___ Dataset content
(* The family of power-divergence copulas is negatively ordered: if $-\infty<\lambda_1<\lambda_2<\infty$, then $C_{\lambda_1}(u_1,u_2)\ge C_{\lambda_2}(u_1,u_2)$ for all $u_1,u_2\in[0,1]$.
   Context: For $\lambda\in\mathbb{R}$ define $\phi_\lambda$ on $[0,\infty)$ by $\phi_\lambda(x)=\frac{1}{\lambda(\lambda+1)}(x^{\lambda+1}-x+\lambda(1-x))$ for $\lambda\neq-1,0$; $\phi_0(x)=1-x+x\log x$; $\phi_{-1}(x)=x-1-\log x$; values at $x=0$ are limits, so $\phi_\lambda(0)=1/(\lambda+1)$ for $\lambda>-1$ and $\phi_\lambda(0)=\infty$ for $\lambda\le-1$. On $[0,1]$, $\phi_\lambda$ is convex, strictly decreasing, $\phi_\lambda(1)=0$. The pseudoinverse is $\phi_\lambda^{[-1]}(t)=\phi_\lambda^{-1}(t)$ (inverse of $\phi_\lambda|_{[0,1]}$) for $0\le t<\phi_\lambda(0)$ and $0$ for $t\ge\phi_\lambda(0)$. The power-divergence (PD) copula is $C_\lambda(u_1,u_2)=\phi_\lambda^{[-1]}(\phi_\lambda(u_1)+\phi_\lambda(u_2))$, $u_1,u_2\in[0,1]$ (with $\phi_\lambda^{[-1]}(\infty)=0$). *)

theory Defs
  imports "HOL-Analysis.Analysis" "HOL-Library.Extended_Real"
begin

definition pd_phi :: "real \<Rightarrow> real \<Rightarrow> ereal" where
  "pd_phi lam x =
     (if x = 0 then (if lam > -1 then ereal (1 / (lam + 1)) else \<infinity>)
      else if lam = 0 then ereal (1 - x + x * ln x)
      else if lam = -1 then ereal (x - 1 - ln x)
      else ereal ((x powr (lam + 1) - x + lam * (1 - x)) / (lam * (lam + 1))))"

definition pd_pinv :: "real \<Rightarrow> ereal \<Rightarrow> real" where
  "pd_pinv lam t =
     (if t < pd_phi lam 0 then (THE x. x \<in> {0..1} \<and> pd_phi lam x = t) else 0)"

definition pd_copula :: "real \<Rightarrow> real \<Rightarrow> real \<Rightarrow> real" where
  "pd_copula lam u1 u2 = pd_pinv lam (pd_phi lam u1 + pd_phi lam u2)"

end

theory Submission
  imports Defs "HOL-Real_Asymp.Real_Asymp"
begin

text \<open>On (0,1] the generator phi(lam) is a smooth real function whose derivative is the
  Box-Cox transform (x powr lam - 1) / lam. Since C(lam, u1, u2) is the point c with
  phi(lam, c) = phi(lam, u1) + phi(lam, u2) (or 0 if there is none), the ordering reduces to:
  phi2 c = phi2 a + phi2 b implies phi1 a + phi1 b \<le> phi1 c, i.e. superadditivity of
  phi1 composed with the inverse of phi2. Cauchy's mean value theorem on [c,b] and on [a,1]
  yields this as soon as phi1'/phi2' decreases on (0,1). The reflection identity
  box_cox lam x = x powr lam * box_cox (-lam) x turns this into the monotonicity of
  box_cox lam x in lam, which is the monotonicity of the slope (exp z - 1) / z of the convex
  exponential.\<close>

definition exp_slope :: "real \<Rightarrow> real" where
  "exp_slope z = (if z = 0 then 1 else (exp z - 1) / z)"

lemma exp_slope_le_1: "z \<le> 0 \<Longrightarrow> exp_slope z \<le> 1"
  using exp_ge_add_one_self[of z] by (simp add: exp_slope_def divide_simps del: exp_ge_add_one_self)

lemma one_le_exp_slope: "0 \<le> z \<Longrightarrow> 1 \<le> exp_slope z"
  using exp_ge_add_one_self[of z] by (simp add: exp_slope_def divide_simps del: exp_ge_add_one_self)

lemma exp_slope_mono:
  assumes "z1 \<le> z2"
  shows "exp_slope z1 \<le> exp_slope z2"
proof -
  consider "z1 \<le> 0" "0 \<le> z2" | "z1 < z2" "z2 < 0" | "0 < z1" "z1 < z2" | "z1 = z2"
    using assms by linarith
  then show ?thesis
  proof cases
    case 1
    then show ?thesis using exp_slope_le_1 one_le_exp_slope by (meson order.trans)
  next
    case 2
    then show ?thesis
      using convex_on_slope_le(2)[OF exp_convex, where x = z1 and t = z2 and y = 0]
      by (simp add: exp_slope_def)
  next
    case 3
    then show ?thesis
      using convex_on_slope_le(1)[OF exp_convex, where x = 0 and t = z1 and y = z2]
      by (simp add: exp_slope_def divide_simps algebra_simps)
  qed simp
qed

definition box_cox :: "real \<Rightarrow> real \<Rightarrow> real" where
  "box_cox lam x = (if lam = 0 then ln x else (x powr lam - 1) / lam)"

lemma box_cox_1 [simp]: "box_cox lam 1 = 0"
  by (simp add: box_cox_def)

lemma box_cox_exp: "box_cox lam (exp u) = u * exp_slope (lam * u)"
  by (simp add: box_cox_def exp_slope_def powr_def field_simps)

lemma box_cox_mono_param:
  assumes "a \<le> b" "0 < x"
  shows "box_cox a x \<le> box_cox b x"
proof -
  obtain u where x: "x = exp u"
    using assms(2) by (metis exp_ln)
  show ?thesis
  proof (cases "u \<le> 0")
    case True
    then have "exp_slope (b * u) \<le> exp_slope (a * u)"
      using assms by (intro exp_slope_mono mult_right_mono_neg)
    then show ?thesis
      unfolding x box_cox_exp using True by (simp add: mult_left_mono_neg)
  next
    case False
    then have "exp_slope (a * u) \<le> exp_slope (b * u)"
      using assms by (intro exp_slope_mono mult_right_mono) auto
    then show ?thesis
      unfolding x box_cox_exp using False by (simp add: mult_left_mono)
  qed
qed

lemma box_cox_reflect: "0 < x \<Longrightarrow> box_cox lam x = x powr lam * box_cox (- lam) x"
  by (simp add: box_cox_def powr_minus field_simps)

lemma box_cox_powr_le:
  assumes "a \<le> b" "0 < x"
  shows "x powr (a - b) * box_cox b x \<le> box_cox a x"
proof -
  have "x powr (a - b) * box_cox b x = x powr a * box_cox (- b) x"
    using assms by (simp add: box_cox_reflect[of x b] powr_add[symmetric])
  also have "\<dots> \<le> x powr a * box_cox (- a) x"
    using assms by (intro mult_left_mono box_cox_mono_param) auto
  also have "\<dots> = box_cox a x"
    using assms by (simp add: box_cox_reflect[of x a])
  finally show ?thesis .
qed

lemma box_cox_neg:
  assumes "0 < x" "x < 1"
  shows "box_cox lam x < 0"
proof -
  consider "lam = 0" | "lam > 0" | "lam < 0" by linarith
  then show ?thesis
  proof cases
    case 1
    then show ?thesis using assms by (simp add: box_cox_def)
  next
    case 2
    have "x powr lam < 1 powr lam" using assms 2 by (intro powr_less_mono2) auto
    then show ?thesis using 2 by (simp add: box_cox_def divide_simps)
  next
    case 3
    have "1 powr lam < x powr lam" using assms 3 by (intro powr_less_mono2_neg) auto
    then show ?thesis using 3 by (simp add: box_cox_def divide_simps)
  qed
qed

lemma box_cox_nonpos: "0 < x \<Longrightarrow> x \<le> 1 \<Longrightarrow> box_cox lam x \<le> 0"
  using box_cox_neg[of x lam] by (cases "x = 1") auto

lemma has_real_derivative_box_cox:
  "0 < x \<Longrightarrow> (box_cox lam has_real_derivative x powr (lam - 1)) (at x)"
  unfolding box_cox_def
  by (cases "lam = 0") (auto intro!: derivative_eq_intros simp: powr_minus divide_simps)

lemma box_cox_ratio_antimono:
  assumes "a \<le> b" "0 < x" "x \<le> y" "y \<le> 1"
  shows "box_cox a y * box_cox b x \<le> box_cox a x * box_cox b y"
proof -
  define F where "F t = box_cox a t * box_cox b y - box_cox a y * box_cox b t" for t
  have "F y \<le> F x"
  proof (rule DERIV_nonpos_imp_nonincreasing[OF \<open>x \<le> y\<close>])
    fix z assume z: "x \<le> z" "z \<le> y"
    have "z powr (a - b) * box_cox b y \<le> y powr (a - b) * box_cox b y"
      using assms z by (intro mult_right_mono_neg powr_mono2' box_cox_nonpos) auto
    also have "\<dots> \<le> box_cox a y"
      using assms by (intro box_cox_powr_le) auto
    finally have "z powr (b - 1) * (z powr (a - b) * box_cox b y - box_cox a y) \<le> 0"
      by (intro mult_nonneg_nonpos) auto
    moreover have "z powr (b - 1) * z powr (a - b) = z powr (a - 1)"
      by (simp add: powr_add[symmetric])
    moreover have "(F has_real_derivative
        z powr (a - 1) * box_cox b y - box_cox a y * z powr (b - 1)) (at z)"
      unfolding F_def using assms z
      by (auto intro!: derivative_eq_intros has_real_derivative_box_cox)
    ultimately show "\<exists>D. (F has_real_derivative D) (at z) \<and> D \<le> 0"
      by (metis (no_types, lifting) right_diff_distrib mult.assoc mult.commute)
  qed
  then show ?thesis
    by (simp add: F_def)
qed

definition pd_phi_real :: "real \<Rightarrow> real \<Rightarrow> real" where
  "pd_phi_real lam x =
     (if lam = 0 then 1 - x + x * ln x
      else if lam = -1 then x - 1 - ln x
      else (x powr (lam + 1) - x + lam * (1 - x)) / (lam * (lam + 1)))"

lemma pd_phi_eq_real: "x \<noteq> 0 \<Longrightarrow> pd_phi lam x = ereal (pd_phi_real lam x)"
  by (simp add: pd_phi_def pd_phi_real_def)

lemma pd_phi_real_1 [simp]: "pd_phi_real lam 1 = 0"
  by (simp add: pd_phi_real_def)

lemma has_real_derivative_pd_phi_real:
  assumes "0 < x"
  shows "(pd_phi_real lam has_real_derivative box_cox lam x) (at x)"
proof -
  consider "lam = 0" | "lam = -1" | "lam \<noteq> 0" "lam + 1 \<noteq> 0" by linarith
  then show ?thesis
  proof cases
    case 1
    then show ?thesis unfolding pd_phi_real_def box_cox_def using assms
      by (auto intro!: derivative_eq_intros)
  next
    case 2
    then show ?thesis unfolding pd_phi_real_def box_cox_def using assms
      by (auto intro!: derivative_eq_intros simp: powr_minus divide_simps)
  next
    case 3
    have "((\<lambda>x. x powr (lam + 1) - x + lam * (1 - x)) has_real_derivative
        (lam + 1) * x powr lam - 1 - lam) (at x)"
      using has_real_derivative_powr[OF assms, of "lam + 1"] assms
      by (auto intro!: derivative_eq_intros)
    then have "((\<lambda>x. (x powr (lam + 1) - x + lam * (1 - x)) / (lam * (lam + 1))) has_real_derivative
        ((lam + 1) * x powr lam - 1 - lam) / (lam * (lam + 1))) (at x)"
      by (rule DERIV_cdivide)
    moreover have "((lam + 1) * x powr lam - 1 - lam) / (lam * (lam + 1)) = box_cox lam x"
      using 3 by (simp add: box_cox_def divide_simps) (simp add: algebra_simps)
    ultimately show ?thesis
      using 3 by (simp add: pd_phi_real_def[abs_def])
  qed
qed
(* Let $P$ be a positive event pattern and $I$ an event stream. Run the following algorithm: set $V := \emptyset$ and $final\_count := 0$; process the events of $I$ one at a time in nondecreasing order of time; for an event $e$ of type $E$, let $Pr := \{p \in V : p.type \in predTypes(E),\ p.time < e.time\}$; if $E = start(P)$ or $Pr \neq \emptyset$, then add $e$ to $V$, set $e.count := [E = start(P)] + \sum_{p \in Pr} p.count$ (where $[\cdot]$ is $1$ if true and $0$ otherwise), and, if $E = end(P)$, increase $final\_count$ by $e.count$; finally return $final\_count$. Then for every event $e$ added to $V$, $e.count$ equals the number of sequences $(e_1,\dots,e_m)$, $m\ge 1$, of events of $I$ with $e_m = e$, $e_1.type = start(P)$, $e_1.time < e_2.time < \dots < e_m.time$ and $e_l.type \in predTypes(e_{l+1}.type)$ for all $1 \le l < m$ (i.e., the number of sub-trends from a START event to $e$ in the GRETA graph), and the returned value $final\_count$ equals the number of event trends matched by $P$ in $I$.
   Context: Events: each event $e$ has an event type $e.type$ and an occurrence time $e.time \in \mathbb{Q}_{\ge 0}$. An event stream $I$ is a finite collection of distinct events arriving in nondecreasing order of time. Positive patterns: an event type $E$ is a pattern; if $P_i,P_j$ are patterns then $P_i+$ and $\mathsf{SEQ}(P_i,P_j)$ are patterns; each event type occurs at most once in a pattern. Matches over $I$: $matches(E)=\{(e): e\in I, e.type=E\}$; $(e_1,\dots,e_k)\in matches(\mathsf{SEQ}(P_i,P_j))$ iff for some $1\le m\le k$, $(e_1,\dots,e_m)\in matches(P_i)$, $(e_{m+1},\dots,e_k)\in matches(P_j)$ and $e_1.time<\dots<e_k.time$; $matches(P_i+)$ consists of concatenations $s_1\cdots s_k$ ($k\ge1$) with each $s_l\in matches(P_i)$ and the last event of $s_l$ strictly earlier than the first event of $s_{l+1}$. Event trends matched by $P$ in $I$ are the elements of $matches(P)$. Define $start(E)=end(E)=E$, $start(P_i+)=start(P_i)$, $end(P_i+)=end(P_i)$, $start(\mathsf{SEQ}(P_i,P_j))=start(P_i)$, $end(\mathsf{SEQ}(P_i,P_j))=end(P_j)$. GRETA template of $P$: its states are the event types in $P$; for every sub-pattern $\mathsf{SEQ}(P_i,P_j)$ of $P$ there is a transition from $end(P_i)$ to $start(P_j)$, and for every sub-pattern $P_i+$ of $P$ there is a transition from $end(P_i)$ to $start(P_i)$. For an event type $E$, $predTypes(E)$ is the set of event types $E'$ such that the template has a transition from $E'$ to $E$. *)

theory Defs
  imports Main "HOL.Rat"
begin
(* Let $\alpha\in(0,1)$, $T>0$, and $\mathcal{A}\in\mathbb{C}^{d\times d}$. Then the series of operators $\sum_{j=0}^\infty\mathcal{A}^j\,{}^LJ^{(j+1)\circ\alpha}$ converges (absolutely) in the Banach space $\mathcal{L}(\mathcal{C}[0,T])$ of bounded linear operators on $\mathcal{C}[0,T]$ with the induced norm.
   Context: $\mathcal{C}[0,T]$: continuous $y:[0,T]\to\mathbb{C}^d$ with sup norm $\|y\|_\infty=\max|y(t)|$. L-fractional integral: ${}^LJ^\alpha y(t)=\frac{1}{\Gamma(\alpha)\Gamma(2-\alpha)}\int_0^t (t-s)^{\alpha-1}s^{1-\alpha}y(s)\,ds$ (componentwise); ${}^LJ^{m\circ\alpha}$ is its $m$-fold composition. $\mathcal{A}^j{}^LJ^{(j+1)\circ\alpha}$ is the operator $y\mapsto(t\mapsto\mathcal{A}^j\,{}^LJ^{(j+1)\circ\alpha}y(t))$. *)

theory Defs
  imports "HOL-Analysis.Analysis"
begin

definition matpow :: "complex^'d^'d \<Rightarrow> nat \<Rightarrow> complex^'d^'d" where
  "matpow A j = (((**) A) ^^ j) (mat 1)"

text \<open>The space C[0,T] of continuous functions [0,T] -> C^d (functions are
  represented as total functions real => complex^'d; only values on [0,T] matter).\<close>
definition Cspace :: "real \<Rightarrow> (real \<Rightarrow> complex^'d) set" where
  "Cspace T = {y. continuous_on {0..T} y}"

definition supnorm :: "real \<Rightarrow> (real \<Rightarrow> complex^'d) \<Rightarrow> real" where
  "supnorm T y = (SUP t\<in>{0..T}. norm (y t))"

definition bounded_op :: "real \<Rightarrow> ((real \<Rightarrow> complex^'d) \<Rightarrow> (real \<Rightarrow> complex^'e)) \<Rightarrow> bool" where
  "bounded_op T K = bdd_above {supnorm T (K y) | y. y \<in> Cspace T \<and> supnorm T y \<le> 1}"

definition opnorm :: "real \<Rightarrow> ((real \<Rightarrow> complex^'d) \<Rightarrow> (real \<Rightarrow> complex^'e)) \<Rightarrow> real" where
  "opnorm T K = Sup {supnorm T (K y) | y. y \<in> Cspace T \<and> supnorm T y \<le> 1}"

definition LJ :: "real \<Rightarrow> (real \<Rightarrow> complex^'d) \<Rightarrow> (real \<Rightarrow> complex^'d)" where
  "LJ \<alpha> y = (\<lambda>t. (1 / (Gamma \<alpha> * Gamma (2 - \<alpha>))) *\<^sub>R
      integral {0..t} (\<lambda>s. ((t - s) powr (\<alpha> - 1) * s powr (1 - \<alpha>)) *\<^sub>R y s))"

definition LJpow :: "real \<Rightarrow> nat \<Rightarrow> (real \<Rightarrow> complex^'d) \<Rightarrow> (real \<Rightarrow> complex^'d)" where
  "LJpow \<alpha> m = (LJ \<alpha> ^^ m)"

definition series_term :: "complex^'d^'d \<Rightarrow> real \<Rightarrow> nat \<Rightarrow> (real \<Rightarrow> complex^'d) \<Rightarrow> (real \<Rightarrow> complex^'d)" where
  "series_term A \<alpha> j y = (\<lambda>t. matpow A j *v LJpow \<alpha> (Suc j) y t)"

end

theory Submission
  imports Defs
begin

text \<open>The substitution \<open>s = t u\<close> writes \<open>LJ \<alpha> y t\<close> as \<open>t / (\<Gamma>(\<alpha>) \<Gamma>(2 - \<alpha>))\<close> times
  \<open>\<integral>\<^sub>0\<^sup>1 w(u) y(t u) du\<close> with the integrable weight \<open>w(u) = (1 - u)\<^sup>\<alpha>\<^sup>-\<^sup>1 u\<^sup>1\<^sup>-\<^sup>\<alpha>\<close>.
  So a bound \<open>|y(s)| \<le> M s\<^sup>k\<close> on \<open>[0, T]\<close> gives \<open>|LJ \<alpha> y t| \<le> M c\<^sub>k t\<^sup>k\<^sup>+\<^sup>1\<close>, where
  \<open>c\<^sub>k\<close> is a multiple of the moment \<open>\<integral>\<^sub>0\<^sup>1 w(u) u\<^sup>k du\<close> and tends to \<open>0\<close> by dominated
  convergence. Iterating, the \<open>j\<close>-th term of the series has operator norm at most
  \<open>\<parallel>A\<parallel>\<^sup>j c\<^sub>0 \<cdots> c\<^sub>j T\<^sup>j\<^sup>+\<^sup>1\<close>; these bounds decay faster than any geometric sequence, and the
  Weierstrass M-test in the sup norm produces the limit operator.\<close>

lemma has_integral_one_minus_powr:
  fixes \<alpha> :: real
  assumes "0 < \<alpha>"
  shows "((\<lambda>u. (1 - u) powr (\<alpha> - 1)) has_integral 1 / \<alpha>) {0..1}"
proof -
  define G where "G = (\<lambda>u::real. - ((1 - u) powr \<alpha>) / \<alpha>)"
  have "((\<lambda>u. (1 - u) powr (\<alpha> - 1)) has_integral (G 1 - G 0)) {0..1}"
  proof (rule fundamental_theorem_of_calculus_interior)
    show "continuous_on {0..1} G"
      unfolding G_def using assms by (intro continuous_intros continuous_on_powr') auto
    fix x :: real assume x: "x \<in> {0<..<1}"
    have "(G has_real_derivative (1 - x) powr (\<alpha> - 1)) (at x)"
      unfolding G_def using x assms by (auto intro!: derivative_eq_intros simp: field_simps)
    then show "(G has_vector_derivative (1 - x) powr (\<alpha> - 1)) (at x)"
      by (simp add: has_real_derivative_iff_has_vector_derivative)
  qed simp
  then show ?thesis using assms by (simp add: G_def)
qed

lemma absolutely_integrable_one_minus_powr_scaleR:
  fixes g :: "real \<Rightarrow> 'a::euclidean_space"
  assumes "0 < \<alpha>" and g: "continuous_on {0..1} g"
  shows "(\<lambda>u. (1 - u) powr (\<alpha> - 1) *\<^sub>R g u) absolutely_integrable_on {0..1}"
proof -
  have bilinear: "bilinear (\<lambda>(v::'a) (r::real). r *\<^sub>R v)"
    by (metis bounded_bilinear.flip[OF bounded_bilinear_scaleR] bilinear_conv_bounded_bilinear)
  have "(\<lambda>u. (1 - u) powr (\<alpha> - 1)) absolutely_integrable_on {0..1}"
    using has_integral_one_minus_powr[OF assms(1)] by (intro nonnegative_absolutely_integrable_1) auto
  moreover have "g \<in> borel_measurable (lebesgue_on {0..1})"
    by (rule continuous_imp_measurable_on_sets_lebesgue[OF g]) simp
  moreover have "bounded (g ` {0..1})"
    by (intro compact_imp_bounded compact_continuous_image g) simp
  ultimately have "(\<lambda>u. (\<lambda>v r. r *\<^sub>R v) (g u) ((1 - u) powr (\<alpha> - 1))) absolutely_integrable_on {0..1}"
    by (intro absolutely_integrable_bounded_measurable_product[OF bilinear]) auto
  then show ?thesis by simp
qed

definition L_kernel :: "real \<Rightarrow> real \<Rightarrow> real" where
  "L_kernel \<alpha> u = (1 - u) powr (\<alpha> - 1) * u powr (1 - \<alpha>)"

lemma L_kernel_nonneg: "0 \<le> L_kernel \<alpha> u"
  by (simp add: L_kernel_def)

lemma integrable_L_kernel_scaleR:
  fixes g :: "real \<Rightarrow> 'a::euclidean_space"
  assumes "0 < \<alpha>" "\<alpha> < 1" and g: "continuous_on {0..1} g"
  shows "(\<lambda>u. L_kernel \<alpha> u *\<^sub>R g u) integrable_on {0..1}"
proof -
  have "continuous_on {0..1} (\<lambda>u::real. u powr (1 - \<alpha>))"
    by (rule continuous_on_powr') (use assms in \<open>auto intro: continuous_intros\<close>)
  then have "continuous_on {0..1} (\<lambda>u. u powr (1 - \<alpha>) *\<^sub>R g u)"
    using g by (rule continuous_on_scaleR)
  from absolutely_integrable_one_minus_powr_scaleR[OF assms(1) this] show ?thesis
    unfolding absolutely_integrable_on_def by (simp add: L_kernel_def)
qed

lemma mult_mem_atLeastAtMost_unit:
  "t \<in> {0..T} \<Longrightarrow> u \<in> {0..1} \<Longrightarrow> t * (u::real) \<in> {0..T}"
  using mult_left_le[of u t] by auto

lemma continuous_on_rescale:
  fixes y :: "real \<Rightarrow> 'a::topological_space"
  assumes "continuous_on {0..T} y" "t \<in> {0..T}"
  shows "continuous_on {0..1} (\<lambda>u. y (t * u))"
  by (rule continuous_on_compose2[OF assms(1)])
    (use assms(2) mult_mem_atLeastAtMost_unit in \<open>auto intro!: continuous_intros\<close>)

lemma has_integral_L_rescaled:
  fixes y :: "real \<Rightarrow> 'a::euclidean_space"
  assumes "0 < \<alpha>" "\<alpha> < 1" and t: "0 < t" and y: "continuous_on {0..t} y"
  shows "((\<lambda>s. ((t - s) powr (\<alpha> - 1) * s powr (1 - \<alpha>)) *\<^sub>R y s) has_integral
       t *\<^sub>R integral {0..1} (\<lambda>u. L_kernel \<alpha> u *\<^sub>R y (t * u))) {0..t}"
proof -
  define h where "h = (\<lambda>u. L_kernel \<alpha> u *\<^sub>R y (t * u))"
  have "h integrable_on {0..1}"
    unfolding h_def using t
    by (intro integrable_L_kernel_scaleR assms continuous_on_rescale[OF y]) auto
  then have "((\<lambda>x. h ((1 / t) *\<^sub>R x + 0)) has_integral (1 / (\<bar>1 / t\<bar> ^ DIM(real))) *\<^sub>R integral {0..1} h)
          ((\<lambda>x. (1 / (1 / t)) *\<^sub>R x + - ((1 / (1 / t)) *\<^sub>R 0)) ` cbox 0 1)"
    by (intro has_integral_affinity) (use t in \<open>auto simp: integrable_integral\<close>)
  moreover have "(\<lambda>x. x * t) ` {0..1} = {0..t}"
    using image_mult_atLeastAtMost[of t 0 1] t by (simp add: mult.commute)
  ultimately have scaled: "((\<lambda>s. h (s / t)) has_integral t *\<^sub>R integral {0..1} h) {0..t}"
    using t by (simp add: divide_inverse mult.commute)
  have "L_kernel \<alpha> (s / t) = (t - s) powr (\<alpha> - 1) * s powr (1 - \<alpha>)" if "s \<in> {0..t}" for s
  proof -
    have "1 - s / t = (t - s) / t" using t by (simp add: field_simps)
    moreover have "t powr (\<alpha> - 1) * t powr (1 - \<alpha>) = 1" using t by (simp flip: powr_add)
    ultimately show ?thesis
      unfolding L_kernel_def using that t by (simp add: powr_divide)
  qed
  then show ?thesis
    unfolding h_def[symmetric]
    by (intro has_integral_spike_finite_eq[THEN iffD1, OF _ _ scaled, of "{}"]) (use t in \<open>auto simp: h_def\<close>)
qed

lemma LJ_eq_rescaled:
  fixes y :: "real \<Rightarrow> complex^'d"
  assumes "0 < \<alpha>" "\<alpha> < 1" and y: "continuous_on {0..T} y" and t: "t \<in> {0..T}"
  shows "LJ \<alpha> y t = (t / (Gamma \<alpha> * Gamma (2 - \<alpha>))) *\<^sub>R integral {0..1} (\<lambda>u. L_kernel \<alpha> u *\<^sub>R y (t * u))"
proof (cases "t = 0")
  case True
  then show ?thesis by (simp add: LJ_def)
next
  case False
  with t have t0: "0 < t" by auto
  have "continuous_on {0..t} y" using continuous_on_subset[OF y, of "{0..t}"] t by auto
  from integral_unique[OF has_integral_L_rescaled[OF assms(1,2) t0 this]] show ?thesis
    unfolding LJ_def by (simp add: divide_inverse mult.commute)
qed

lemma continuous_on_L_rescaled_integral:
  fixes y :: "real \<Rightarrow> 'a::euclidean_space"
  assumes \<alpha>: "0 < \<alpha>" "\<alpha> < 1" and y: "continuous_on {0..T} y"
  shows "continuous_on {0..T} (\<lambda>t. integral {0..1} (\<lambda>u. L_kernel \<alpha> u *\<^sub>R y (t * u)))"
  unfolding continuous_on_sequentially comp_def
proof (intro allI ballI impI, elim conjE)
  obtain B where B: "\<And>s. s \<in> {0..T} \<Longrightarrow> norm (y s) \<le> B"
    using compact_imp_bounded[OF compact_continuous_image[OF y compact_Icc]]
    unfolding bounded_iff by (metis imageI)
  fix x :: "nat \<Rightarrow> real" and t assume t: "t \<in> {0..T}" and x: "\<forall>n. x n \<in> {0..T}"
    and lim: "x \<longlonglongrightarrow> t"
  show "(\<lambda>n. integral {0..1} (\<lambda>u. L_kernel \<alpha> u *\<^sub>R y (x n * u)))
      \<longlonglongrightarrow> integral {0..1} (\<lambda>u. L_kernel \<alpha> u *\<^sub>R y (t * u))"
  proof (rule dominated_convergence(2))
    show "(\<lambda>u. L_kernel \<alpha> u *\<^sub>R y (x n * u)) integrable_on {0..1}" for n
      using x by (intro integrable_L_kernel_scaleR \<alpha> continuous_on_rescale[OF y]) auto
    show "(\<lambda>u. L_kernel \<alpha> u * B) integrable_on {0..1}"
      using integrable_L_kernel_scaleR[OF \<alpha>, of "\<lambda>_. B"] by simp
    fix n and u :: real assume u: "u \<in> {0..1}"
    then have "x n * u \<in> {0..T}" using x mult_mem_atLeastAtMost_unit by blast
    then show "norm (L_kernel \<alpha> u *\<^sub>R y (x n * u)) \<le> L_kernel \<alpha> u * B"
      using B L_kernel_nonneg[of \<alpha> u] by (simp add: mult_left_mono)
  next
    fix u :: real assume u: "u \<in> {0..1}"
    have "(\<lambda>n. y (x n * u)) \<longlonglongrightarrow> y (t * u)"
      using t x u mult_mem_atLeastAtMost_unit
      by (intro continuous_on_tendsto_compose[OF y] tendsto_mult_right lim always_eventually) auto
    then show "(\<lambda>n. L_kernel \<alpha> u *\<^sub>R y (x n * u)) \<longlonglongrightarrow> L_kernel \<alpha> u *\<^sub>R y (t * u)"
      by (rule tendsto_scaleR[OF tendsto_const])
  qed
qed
______
Whenever the word "flip" occurs in a line above, copy that line.

* **Expected answer**
    by (metis bounded_bilinear.flip[OF bounded_bilinear_scaleR] bilinear_conv_bounded_bilinear)
    moreover have "t powr (\<alpha> - 1) * t powr (1 - \<alpha>) = 1" using t by (simp flip: powr_add)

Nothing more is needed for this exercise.